From the data, return each line holding the word "linarith".

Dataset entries
####################

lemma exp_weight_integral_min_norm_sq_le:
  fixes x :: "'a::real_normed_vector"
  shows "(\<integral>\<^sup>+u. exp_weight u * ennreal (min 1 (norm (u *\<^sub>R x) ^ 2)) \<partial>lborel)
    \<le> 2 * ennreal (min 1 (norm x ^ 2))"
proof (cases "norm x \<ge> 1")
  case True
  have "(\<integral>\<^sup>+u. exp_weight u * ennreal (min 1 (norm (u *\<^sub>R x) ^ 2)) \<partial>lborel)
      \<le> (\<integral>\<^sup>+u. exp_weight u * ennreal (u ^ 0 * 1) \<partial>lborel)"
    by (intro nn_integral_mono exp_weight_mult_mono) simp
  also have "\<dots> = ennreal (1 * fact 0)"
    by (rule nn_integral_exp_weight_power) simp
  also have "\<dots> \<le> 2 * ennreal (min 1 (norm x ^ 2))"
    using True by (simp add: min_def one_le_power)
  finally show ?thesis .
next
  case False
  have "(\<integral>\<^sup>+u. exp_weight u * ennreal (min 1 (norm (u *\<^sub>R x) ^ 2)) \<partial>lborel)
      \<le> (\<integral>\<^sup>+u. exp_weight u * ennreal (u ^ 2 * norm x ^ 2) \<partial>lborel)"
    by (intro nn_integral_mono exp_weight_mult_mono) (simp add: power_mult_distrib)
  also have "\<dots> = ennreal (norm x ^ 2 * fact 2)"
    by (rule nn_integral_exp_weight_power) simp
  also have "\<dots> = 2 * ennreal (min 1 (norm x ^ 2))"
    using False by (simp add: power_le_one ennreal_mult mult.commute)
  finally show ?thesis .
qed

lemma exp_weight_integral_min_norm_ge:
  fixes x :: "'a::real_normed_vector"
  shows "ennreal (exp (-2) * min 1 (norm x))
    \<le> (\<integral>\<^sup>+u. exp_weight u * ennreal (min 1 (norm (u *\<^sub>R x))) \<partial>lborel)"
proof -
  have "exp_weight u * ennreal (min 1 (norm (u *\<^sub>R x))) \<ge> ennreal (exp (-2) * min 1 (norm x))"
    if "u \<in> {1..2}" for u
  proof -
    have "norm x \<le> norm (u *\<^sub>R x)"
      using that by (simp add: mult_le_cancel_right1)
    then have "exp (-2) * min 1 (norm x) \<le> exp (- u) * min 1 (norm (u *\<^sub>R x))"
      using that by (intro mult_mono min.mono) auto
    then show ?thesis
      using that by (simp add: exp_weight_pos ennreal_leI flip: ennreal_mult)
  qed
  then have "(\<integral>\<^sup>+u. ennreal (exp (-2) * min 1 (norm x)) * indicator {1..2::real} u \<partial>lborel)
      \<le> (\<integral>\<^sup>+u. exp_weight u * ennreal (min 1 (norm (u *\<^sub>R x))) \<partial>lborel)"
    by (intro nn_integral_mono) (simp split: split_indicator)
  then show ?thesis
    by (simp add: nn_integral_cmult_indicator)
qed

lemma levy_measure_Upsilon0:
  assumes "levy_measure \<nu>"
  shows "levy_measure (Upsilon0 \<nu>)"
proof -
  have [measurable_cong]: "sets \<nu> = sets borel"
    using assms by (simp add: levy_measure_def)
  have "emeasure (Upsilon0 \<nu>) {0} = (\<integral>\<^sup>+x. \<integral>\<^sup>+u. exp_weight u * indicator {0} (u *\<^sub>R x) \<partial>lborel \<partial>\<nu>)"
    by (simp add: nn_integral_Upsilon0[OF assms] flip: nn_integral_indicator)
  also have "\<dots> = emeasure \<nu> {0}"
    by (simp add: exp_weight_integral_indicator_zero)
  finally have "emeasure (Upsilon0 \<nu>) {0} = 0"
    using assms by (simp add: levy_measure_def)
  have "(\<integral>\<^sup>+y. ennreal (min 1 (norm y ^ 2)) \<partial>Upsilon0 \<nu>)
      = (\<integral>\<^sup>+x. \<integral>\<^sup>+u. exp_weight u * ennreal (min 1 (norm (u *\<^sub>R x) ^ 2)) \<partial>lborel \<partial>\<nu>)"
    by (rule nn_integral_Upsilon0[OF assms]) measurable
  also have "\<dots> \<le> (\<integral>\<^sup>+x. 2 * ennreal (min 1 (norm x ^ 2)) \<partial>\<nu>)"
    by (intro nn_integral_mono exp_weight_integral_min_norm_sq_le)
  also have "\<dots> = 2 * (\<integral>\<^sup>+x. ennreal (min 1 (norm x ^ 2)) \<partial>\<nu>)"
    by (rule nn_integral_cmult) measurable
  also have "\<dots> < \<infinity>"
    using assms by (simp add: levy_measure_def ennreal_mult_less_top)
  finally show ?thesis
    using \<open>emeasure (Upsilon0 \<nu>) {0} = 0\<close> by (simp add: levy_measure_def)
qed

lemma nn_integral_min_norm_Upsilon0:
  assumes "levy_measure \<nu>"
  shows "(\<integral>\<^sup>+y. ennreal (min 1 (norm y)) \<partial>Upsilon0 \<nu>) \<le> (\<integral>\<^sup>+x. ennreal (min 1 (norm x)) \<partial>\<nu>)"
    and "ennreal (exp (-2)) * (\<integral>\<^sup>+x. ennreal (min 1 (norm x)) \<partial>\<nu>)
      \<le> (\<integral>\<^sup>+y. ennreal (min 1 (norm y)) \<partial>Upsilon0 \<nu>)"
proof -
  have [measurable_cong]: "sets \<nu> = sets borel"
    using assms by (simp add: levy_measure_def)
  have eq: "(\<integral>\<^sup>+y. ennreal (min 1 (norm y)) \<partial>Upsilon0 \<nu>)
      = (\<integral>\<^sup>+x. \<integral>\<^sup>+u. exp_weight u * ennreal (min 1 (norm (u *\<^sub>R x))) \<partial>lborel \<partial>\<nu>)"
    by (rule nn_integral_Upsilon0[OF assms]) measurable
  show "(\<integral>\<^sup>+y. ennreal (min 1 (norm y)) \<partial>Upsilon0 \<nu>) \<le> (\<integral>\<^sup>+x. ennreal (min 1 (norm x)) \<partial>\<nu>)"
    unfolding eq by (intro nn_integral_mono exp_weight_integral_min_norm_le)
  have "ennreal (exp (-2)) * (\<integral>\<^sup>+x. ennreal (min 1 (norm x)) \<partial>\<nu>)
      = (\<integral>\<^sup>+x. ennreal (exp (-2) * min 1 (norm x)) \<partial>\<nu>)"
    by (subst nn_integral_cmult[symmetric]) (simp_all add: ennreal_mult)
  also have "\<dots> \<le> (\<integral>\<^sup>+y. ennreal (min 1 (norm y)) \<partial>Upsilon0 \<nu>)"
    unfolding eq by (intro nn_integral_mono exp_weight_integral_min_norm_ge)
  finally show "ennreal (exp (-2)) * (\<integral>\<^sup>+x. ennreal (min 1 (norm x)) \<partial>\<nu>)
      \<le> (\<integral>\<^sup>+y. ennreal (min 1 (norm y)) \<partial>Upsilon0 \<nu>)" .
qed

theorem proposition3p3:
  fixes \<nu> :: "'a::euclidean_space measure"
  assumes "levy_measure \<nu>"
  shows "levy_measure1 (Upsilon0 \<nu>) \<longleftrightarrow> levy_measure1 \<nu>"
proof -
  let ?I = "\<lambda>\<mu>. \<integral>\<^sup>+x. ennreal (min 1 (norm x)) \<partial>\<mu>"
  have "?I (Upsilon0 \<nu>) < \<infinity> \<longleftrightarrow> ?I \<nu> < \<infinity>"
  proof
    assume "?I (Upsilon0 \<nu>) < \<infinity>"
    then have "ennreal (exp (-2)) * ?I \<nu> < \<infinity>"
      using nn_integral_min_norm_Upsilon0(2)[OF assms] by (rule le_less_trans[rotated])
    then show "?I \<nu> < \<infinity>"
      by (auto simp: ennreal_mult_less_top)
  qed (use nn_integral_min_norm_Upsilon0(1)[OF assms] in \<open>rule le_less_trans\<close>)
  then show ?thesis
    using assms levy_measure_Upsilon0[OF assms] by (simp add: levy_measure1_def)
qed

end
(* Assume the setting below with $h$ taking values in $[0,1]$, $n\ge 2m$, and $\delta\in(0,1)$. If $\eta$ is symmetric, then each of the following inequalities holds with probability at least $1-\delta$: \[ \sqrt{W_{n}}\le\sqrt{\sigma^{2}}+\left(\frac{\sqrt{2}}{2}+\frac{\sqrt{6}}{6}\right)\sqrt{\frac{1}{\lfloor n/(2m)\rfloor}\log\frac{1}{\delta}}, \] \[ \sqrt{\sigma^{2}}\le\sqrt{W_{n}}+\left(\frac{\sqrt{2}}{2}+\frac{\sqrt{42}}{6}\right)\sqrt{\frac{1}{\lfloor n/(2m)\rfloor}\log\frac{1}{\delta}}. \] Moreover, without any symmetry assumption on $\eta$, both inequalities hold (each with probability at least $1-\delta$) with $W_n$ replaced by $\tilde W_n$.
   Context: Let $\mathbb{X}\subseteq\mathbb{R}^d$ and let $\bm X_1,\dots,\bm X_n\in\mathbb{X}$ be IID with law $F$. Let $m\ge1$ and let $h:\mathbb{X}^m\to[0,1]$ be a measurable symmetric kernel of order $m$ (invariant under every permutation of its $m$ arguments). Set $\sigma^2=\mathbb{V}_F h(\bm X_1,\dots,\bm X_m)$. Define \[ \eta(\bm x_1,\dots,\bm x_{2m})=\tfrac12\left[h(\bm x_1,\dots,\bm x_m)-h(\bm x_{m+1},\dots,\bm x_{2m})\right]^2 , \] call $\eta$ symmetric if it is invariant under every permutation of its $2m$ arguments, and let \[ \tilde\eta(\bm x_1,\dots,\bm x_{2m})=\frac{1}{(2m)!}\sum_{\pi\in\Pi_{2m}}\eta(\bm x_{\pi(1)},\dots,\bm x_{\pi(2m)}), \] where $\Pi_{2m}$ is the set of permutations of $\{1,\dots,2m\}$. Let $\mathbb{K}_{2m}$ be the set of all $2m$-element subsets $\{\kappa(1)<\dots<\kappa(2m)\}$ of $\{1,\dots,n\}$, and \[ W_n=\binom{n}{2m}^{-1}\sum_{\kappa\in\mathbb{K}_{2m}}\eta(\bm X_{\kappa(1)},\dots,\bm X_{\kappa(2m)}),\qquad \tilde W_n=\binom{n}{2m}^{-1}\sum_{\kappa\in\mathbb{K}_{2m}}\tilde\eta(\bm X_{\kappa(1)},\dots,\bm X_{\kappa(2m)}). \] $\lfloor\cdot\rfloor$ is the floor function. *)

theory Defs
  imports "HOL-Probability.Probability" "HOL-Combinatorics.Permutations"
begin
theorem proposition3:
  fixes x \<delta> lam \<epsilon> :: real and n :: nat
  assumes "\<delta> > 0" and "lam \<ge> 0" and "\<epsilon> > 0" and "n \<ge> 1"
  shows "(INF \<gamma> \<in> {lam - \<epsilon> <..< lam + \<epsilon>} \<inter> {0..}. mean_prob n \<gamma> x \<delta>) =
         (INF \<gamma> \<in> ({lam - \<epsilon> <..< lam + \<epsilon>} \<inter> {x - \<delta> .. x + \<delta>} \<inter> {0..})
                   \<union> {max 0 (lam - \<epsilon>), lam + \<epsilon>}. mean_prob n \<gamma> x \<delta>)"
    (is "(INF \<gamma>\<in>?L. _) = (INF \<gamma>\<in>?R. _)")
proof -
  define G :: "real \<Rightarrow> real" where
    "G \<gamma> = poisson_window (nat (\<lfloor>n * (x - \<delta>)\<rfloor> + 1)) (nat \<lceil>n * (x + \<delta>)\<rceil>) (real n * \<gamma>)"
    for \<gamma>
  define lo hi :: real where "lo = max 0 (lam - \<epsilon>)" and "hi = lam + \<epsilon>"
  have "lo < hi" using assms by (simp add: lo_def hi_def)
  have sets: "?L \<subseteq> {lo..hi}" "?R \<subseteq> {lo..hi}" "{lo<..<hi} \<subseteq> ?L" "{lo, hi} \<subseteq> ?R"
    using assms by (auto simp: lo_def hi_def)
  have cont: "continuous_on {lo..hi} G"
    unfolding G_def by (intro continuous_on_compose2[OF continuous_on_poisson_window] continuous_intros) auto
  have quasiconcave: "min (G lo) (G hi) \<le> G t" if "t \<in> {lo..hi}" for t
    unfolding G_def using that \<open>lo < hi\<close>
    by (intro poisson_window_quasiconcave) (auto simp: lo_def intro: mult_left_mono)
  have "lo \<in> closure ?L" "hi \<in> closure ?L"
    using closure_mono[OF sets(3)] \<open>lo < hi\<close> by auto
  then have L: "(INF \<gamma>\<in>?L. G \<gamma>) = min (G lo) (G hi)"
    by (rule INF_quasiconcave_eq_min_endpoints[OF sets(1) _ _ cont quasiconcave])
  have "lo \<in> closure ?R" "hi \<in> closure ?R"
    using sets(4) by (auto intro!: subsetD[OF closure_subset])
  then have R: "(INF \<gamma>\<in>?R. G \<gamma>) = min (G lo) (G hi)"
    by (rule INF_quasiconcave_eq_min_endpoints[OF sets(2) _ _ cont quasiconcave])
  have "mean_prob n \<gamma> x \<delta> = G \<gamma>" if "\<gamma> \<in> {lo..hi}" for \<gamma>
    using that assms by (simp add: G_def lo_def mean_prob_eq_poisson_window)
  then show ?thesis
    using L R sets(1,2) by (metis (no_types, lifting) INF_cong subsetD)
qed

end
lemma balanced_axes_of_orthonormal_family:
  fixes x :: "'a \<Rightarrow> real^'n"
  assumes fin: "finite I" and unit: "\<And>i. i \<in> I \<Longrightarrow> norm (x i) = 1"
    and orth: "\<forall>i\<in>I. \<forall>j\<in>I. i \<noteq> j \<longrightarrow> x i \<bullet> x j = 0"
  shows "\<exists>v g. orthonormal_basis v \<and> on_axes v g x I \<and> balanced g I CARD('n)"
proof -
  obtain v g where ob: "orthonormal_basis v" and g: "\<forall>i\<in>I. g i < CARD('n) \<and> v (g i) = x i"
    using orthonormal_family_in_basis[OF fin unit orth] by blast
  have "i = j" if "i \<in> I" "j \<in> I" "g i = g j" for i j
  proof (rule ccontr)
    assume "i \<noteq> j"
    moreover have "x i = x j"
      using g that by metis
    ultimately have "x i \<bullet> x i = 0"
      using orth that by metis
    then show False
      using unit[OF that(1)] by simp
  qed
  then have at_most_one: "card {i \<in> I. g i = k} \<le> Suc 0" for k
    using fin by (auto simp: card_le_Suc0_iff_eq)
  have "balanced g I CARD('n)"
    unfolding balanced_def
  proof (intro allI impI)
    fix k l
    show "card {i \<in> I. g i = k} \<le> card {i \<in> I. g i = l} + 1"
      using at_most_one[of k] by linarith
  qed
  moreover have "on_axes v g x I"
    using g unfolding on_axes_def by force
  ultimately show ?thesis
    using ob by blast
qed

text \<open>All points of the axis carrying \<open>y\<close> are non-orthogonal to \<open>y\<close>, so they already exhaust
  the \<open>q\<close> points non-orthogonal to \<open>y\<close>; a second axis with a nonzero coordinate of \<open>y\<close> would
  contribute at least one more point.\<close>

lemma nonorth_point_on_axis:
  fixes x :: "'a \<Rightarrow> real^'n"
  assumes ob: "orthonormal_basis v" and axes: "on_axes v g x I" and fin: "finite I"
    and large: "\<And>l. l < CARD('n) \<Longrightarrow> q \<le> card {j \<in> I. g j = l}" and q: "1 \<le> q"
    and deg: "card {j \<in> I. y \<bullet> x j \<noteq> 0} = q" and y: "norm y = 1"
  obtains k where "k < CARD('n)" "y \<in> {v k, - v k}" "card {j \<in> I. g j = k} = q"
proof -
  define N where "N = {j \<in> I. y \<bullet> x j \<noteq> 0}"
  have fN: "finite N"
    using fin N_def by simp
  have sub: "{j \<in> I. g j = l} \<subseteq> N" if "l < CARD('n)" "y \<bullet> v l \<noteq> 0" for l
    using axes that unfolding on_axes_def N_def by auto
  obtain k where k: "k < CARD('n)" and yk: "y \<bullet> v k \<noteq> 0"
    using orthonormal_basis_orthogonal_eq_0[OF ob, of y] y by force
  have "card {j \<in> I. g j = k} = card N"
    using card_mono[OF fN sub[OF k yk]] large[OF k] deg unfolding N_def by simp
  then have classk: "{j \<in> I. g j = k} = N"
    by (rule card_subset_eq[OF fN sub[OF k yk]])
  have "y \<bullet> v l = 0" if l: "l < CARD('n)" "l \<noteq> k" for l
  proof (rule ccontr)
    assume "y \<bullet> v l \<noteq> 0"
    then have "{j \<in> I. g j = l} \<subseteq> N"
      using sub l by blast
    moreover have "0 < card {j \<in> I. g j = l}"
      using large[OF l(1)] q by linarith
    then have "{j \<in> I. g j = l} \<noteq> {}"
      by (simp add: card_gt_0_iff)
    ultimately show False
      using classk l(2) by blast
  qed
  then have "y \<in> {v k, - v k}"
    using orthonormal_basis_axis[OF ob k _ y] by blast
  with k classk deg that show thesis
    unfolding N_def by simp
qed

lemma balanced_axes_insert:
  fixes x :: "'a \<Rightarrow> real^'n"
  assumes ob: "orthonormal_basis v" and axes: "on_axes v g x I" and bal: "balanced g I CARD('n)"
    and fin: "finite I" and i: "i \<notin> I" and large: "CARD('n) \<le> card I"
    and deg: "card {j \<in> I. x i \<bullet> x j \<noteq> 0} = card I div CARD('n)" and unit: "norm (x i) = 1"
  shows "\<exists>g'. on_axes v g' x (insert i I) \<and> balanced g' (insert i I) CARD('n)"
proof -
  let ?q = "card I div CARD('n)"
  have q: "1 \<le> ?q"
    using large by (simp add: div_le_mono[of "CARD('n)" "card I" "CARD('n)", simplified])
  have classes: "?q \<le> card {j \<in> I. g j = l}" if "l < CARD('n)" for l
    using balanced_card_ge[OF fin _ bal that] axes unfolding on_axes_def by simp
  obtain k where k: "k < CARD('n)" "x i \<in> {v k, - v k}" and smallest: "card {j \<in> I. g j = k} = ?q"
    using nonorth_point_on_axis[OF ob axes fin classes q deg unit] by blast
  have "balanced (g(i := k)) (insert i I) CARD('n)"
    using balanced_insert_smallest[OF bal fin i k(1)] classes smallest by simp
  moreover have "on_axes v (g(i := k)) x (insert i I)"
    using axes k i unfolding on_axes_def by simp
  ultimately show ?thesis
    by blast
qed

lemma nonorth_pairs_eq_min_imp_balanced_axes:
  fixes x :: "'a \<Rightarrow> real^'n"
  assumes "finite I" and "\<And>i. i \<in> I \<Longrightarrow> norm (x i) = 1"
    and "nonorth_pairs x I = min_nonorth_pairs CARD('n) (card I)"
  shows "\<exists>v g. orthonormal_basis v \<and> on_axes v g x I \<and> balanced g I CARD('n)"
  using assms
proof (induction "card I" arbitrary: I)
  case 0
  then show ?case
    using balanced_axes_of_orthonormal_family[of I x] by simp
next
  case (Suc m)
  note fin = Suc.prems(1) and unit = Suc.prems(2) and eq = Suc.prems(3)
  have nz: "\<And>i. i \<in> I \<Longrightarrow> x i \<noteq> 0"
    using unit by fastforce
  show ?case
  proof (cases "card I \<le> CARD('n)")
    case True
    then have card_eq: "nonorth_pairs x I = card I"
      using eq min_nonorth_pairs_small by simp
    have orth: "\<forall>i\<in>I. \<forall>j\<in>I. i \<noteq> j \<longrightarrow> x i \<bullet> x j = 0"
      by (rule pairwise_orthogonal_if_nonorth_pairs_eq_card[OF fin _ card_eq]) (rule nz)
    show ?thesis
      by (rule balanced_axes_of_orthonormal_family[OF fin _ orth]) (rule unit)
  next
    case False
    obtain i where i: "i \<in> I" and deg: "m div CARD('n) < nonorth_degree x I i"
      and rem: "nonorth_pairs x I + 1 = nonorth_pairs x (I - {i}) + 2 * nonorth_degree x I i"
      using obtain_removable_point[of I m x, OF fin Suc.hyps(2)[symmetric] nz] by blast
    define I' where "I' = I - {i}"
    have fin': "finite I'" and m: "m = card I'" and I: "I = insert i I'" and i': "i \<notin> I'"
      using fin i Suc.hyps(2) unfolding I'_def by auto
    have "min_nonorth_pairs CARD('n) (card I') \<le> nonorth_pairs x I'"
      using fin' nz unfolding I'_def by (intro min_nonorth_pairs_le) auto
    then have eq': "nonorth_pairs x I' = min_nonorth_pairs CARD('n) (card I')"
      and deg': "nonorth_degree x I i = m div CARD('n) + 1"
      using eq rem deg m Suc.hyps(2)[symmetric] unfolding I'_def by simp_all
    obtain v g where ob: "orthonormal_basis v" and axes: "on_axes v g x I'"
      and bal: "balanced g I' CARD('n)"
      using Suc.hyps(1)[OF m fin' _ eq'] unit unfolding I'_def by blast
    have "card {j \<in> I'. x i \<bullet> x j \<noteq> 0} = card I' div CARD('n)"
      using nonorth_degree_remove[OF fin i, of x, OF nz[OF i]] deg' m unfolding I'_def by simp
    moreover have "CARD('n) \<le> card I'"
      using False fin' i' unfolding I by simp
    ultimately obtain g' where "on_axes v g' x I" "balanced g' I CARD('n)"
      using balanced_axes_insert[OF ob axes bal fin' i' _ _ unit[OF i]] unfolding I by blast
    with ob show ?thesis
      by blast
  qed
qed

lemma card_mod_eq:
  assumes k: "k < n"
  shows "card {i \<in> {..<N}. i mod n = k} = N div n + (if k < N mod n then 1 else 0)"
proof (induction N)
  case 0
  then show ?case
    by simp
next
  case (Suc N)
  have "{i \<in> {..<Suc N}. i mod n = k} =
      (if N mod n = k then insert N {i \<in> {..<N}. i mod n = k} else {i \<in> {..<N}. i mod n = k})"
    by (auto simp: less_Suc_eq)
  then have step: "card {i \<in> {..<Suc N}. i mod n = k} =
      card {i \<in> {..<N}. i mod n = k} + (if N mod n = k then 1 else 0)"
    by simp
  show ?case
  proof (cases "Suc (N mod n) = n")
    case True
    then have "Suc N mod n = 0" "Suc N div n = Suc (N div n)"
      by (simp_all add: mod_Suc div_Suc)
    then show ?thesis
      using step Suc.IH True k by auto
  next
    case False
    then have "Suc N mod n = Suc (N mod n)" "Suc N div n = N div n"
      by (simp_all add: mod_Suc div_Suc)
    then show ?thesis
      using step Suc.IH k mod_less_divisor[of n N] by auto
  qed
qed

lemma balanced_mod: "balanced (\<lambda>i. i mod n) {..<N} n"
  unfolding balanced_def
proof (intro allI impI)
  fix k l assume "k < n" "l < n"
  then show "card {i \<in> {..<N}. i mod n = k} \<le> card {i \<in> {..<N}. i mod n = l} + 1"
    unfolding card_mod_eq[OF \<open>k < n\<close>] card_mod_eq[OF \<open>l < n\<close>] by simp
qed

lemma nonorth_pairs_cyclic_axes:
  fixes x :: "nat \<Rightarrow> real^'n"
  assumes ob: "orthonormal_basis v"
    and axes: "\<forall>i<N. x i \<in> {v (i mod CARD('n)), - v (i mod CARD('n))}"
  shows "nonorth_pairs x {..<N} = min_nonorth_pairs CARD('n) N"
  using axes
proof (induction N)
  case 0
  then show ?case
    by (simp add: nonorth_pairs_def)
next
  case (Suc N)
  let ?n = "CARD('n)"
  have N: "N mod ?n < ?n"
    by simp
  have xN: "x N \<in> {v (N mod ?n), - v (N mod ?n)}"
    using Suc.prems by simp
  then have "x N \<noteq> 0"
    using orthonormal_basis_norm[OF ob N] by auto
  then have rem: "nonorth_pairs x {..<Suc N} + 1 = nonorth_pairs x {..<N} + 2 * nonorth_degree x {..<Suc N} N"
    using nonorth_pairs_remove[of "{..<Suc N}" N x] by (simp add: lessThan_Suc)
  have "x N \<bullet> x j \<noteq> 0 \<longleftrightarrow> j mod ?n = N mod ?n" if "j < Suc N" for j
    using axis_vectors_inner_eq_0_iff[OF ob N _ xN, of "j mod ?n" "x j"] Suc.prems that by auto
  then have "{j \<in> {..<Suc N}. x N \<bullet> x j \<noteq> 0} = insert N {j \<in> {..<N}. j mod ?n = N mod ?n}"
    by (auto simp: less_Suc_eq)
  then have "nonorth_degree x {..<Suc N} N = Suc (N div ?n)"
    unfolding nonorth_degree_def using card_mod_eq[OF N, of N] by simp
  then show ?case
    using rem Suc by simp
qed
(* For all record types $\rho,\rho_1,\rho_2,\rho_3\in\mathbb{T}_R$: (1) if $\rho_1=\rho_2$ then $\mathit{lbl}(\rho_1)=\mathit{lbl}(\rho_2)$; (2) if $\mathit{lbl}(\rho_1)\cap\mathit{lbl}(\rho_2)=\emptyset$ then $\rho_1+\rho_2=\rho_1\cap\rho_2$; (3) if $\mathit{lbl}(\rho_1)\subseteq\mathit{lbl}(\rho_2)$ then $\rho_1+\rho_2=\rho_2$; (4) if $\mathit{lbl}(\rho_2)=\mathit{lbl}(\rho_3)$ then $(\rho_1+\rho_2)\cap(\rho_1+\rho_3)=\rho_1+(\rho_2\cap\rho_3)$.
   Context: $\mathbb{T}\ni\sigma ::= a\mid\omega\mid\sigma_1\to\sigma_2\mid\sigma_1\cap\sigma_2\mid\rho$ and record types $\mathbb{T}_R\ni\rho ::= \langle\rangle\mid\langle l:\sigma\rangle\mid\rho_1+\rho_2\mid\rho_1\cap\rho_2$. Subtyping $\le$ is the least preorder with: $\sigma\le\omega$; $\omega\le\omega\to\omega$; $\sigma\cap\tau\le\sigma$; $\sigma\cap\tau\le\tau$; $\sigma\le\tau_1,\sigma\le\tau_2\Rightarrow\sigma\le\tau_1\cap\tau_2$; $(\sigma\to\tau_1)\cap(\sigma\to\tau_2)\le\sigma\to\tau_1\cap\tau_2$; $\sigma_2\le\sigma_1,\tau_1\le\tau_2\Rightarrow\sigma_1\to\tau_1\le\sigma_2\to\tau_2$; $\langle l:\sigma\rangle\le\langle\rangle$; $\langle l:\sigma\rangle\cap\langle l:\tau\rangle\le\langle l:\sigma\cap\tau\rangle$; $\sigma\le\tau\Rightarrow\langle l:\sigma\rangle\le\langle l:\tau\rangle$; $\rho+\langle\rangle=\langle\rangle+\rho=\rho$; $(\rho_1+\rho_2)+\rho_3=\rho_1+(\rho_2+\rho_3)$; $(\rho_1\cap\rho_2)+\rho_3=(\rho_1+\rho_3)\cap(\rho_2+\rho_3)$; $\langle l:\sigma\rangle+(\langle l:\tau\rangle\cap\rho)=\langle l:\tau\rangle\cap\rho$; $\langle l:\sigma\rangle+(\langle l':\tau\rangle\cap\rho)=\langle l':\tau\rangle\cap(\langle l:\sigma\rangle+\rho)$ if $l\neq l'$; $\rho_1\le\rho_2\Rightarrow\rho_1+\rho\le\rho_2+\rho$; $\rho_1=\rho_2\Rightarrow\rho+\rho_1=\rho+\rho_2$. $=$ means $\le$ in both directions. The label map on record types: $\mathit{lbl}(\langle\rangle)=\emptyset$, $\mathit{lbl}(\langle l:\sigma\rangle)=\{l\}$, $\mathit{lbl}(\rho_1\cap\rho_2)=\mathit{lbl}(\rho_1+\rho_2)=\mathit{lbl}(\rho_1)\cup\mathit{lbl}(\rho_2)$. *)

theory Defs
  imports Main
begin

####################

▶ [TASK RESPONSE]
      using at_most_one[of k] by linarith
      using large[OF l(1)] q by linarith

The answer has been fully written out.